Agar keluarga bisa terlibat, dibutuhkanlah keberanian si pasien untuk terbuka, terus terang tentang penyakitnya. Ini menjadi soal yang kadang rumit. Tak semua pasien berani terbuka. Apalagi kejujuran itu harus diutarakan kepada suami, istri, atau sang pacar. Ada rasa takut ditolak atau ditinggal.

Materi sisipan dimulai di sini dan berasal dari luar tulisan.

lemma sorted_PC_prefix_sum_cs:
  assumes sA: "strict_mono_on {1..n} (acs m A)" and sB: "strict_mono_on {1..m} (ars n B)"
    and PC: "PC m n A B" and k: "k \<le> n"
  shows "prefix_sum (cs m A) k + (\<Sum>i=1..m. min (rs n B i) k) = k * m"
proof -
  have U: "acs m A ` {1..n} \<union> ars n B ` {1..m} = {1..n+m}"
    using PC unfolding PC_def by (simp add: add.commute)
  have cA: "cs m A j = (\<Sum>i=1..m. of_bool (ars n B i < acs m A j))" if "j \<in> {1..n}" for j
    using image_partition_count[OF sA sB U that]
    unfolding card_filter_eq_sum_of_bool[OF finite_atLeastAtMost] acs_def by simp
  have rB: "rs n B i = card {j\<in>{1..n}. acs m A j < ars n B i}" if "i \<in> {1..m}" for i
    using image_partition_count[OF sB sA _ that] U by (simp add: ars_def Un_commute add.commute)
  have "prefix_sum (cs m A) k = (\<Sum>j=1..k. \<Sum>i=1..m. of_bool (ars n B i < acs m A j))"
    unfolding prefix_sum_def using k by (intro sum.cong) (auto simp: cA)
  also have "\<dots> = (\<Sum>i=1..m. card {j\<in>{1..k}. ars n B i < acs m A j})"
    by (subst sum.swap) (simp add: Int_def)
  finally have "prefix_sum (cs m A) k + (\<Sum>i=1..m. min (rs n B i) k)
      = (\<Sum>i=1..m. card {j\<in>{1..k}. ars n B i < acs m A j} + min (rs n B i) k)"
    by (simp add: sum.distrib)
  also have "\<dots> = (\<Sum>i=1..m. k)"
  proof (rule sum.cong[OF refl])
    fix i assume i: "i \<in> {1..m}"
    have "ars n B i \<notin> acs m A ` {1..n}" using image_partition_disjoint[OF U] i by blast
    then show "card {j\<in>{1..k}. ars n B i < acs m A j} + min (rs n B i) k = k"
      using card_above_plus_min_card_below[OF sA _ k] rB[OF i] by simp
  qed
  finally show ?thesis by simp
qed

lemma prefix_sum_cs_complement01:
  assumes "is01 m n A" "strict_mono_on {1..n} (acs m A)" "strict_mono_on {1..m} (ars n B)"
    and "PC m n A B" "k \<le> n"
  shows "prefix_sum (cs m (complement01 A)) k = (\<Sum>i=1..m. min (rs n B i) k)"
proof -
  have "prefix_sum (cs m (complement01 A)) k = (\<Sum>j=1..k. m - cs m A j)"
    unfolding prefix_sum_def using assms(1,5) cs_complement01 by (intro sum.cong) auto
  also have "\<dots> = k * m - prefix_sum (cs m A) k"
    unfolding prefix_sum_def using assms(1,5) cs_le by (subst sum_subtractf_nat) auto
  also have "\<dots> = (\<Sum>i=1..m. min (rs n B i) k)"
    using sorted_PC_prefix_sum_cs[OF assms(2-5)] by simp
  finally show ?thesis .
qed
(* In the social learning model described in the context, with probability $1$ it holds that $\lim_{t\to\infty} \ell_t/t = 0$.
   Context: Social learning model. A state $\theta\in\{-1,+1\}$ is drawn with $\mathbb{P}(\theta=+1)=\mathbb{P}(\theta=-1)=1/2$. Agents $t=1,2,\dots$ receive private signals $s_t\in\mathbb{R}$ that are i.i.d. conditionally on $\theta$, with CDF $F_+$ if $\theta=+1$ and $F_-$ if $\theta=-1$; $F_+$ and $F_-$ are mutually absolutely continuous. Let $L_t=\log\frac{\mathbb{P}(\theta=+1\mid s_t)}{\mathbb{P}(\theta=-1\mid s_t)}$ be the private log-likelihood ratio, and let $G_+$, $G_-$ denote the CDFs of $L_t$ conditional on $\theta=+1$, $\theta=-1$ respectively. Signals are assumed unbounded: for every $M\in\mathbb{R}$, $\mathbb{P}(L_t>M)>0$ and $\mathbb{P}(L_t<-M)>0$. Agent $t$ observes $a_1,\dots,a_{t-1}$ and her own signal and chooses $a_t\in\{-1,+1\}$ (utility $1$ if $a_t=\theta$, else $0$). The public belief is $\mu_t=\mathbb{P}(\theta=+1\mid a_1,\dots,a_{t-1})$ and $\ell_t=\log\frac{\mu_t}{1-\mu_t}$ (so $\ell_1=0$). In equilibrium $a_t=+1$ iff $\ell_t+L_t>0$, and otherwise $a_t=-1$. Consequently $\ell_{t+1}=\ell_t+D_+(\ell_t)$ if $a_t=+1$ and $\ell_{t+1}=\ell_t+D_-(\ell_t)$ if $a_t=-1$, where $D_+(x)=\log\frac{1-G_+(-x)}{1-G_-(-x)}$ and $D_-(x)=\log\frac{G_+(-x)}{G_-(-x)}$. We write $\mathbb{P}_+(\cdot)=\mathbb{P}(\cdot\mid\theta=+1)$ and $\mathbb{E}_+$ for the corresponding expectation. *)

theory Defs
  imports "HOL-Probability.Probability"
begin

definition llr_cdf :: "real measure \<Rightarrow> (real \<Rightarrow> real) \<Rightarrow> real \<Rightarrow> real" where
  "llr_cdf F L x = measure F {s \<in> space F. L s \<le> x}"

Untuk mengatasi ini, Sr Sesil bersama rekan-rekannya punya cara. Keluarga pasien diundang ke Ruang Carlo dan dijelaskan secara perlahan-lahan, termasuk cara hidup berdampingan dengan penderita HIV/AIDS. Biasanya, ujar Sr Sesil, setelah menerima dan memahami yang mereka sampaikan, terjadilah rekonsiliasi. Jalinan kasih lewat perhatian antar anggota keluarga makin erat. Pasien pun sadar, ia yang sudah tertular HIV/AIDS toh tetap diterima keluarga. Di situlah cinta yang tak terselami menyata.
Pintu ke pintu
Aksi kepedulian kepada penderita HIV/AIDS juga digarap Romo Lambertus Somar MSC, melalui Pusat Rehabilitasi Narkoba Kedaton Parahita yang berada di kawasan Sentul City, Bogor, Jawa Barat. Mula-mula, Kedaton Parahita memang khusus untuk rehabilitasi korban narkoba. Namun, seiring waktu, setiap residen yang direhabilitasi di tempat ini memiliki peluang besar terpapar HIV/ AIDS. Maka, yang disembuhkan bukan hanya ketergantungan kepada narkoba, tetapi juga pemulihan kesehatan dari rongrongan HIV/AIDS.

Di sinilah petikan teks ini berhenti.